New Architecture in Wood, by Marc Wilhelm Lennartz and Susanne Jacob-Freitag, translated by Philip Thrift, Birkhäuser Verlag, November 2015, 184 pages, $81.48.
Solid Wood: Case Studies in Mass Timber Architecture, Technology, and Design, by Joseph Mayo, Routledge, March 2015, 358 pages, paper, $64.95.
Two new publications make convincing arguments for timber as a viable alternative to conventional materials and methods for buildings that continue to trample the planet with giant carbon footprints. Presenting precedent-setting case studies, the authors of each demonstrate that wood is the optimal material for economically sustainable construction.
While the respective authors capture the reader’s imagination with references to picturesque timber buildings dating back hundreds of years, they do not advocate a return to the simple wood structures of yore. This organic, renewable, honest material can be engineered to exceed the limitations of the past as well as to challenge the industrialized materials of established construction. Case studies in both books demonstrate how technological innovation through engineered wood products generates bionic reinventions far removed from the primitive hut.
In Solid Wood, author Joseph Mayo, who practices architecture in the Pacific Northwest, investigated abroad the application of timber that goes beyond current building codes. He notes that architects and engineers from the subalpine regions of Austria, Germany, Switzerland, and Italy explore new wood building materials, connection systems, and fire protection techniques in converting the artisan-like craft to modern practice. Because of wood’s versatility and tactility, its architecture can express the cultural identity of various regions, which probably led to the organization of the book by country rather than building type.
In New Architecture in Wood, German authors Marc Wilhelm Lennartz and Susanne Jacob-Freitag adopt a different focus. Journalists who have closely studied this form of construction, they present their case studies by building type to show the diversity in German-speaking countries, where timber research and development occurs at the highest technical level.
Out of a combined 51 case studies, the books overlap only twice, most notably with the Woodcube project, built for the 2013 International Architecture Exhibition in Hamburg. The five-story residential building is constructed almost entirely of thick, prefabricated solid-wood elements, and adheres to stringent Passivhaus energy standards.
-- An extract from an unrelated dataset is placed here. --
(* Let $E$ be a real Banach space, $K\subset E$ nonempty closed convex, $Y$ a real Banach space containing a closed, convex, pointed cone $C$ with nonempty interior, $f:E\times E\to Y$, $T:K\to\mathcal P(K)$, and $g\in\mathcal F$ satisfying H1–H4, with B1–B4 holding. For Algorithm SEML, at any iteration $k$ at which $v^k$ is defined and the algorithm does not stop: (i) $\ell(k)$ is well defined (the Armijo-type search for $\alpha_k$ terminates after finitely many steps), and consequently $y^k$ is well defined; (ii) if $x^k\neq z^k$, then $f(y^k,x^k)\notin-C$.
   Context: $C^+=\{z\in Y^*:\langle y,z\rangle\ge0\ \forall y\in C\}$; $y\preceq y'$ iff $y'-y\in C$; $C$-convex: $G(tx+(1-t)y)\preceq tG(x)+(1-t)G(y)$. $\mathcal F$: functions $g:E\to\mathbb R$ strictly convex, lower semicontinuous, Gâteaux differentiable with derivative $g'$. $D_g(x,y)=g(x)-g(y)-\langle x-y,g'(y)\rangle$; $v_g(x,t)=\inf\{D_g(y,x):\|y-x\|=t\}$. H1: level sets of $D_g(x,\cdot)$ bounded; H2: $\inf_{x\in A}v_g(x,t)>0$ for $t>0$, bounded $A$; H3: $g'$ uniformly continuous on bounded sets; H4: $\lim_{\|x\|\to\infty}(g(x)-\rho\|x-z\|)=\infty$ for all $z$, $\rho>0$. $\Pi^g_D(x)$: unique minimizer of $D_g(\cdot,x)$ over nonempty closed convex $D$. B1: $f(x,x)=0$. B2: $f$ uniformly continuous on bounded subsets of $E\times E$. B3: $f(x,\cdot)$ $C$-convex. B4: $T$ has nonempty closed convex values, is demiclosed ($x^k\rightharpoonup\bar x$, $d(x^k,T(x^k))\to0\Rightarrow\bar x\in T(\bar x)$), lower semicontinuous at each $\bar x\in K$ ($x^k\to\bar x$, $\bar y\in T(\bar x)\Rightarrow\exists y^k\in T(x^k)$, $y^k\to\bar y$), quasi $D_g$-nonexpansive ($S(x)=\Pi^g_{T(x)}(x)$ has a fixed point and $D_g(p,S(x))\le D_g(p,x)$ for all fixed points $p$ of $S$ and $x\in K$). $\mathrm{argmin}^C_w\{G(y):y\in Q\}$: $a\in Q$ with no $y\in Q$ such that $G(a)-G(y)\in\mathrm{int}(C)$. Algorithm SEML: parameters $v^0\in K$, $\delta,\theta\in(0,1)$, $\{\beta_k\}\subset[\hat\beta,\tilde\beta]$ with $0<\hat\beta\le\tilde\beta$, $\{\gamma_k\}\subset[\varepsilon,1]$, $\varepsilon\in(0,1]$, $\{e^k\}\subset\mathrm{int}(C)$, $e^k\to\bar e\in\mathrm{int}(C)$. Given $v^k$: $x^k=\Pi^g_{T(v^k)}(v^k)$; $z^k\in\mathrm{argmin}^C_w\{\beta_kf(x^k,y)+g(y)e^k-\langle y,g'(x^k)\rangle e^k:y\in T(v^k)\}$; stop if $z^k=v^k$; else $\ell(k)=\min\{\ell\ge0:-\beta_kf(y^\ell,x^k)+\beta_kf(y^\ell,z^k)+\delta D_g(z^k,x^k)e^k\notin\mathrm{int}(C)\}$, $y^\ell=\theta^\ell z^k+(1-\theta^\ell)x^k$; $\alpha_k=\theta^{\ell(k)}$; $y^k=\alpha_kz^k+(1-\alpha_k)x^k$; $H_k=\{y:f(y^k,y)\in-C\}$; $K_0=K\cap H_0$, $K_k=K_{k-1}\cap H_k$; $w^k=\Pi^g_{K_k}(x^k)$; $v^{k+1}=\Pi^g_{L_k\cap M_k\cap N_k}(v^0)$ with $L_k=\{z:\langle z-x^k,g'(x^k)-g'(w^k)\rangle\le-\gamma_kD_g(x^k,w^k)\}$, $M_k=\{z:\langle z-v^k,g'(v^k)-g'(x^k)\rangle\le-\gamma_kD_g(v^k,x^k)\}$, $N_k=\{z:\langle z-v^k,g'(v^0)-g'(v^k)\rangle\le0\}$. *)

theory Defs
  imports "HOL-Analysis.Analysis"
begin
Lennartz and Jacob-Freitag explain that Woodcube was constructed using the Austrian Thoma Holz100 system of prefabricated wall, floor, and roof components, which precluded the need for any adhesives, nails, metal fasteners, foil, or plastic sheathing in the envelope and interiors, although metal angles, bolts, and screws were necessary to secure the components to the floor slab. With 90 percent of the building made of pure timber, including exposed surfaces and structure, Woodcube is, in principle, a building made of a single material.
The slowness of the U.S. to adopt wood for large and tall structures is revealed by a paucity of North American case studies in both books. Mayo includes only the high-profile Bullitt Center designed by the Miller Hull Partnership in Seattle, praising its hypersustainability ethic as an “urban prototype.” While Lennartz and Jacob-Freitag’s book lacks North American projects entirely, they delve in detail into Konrad Wachsman’s pioneering work investigating automation and prefabrication of wood systems. As they point out, the German-born Wachsman emigrated to the U.S. after World War II and, with Walter Gropius, founded the General Panel Corporation (GPC) to produce a modular system for prefabricated timber construction.
Although engineered wood products have been used in U.S. home building for decades, the lag in scope of timber building could be shortened. The Timber Innovation Act of 2016, now working its way through Congress, promises to accelerate the use of timber in tall construction, in developing new markets, and modernizing building codes. If signed into law, it will authorize institutions of higher education to fund research into and development of longer wood spans, taller walls, and higher buildings. All parties stand to benefit markedly from such legislation. These books by Lennartz and Jacob-Freitag and by Mayo should be useful in providing American professionals with much research material for the future.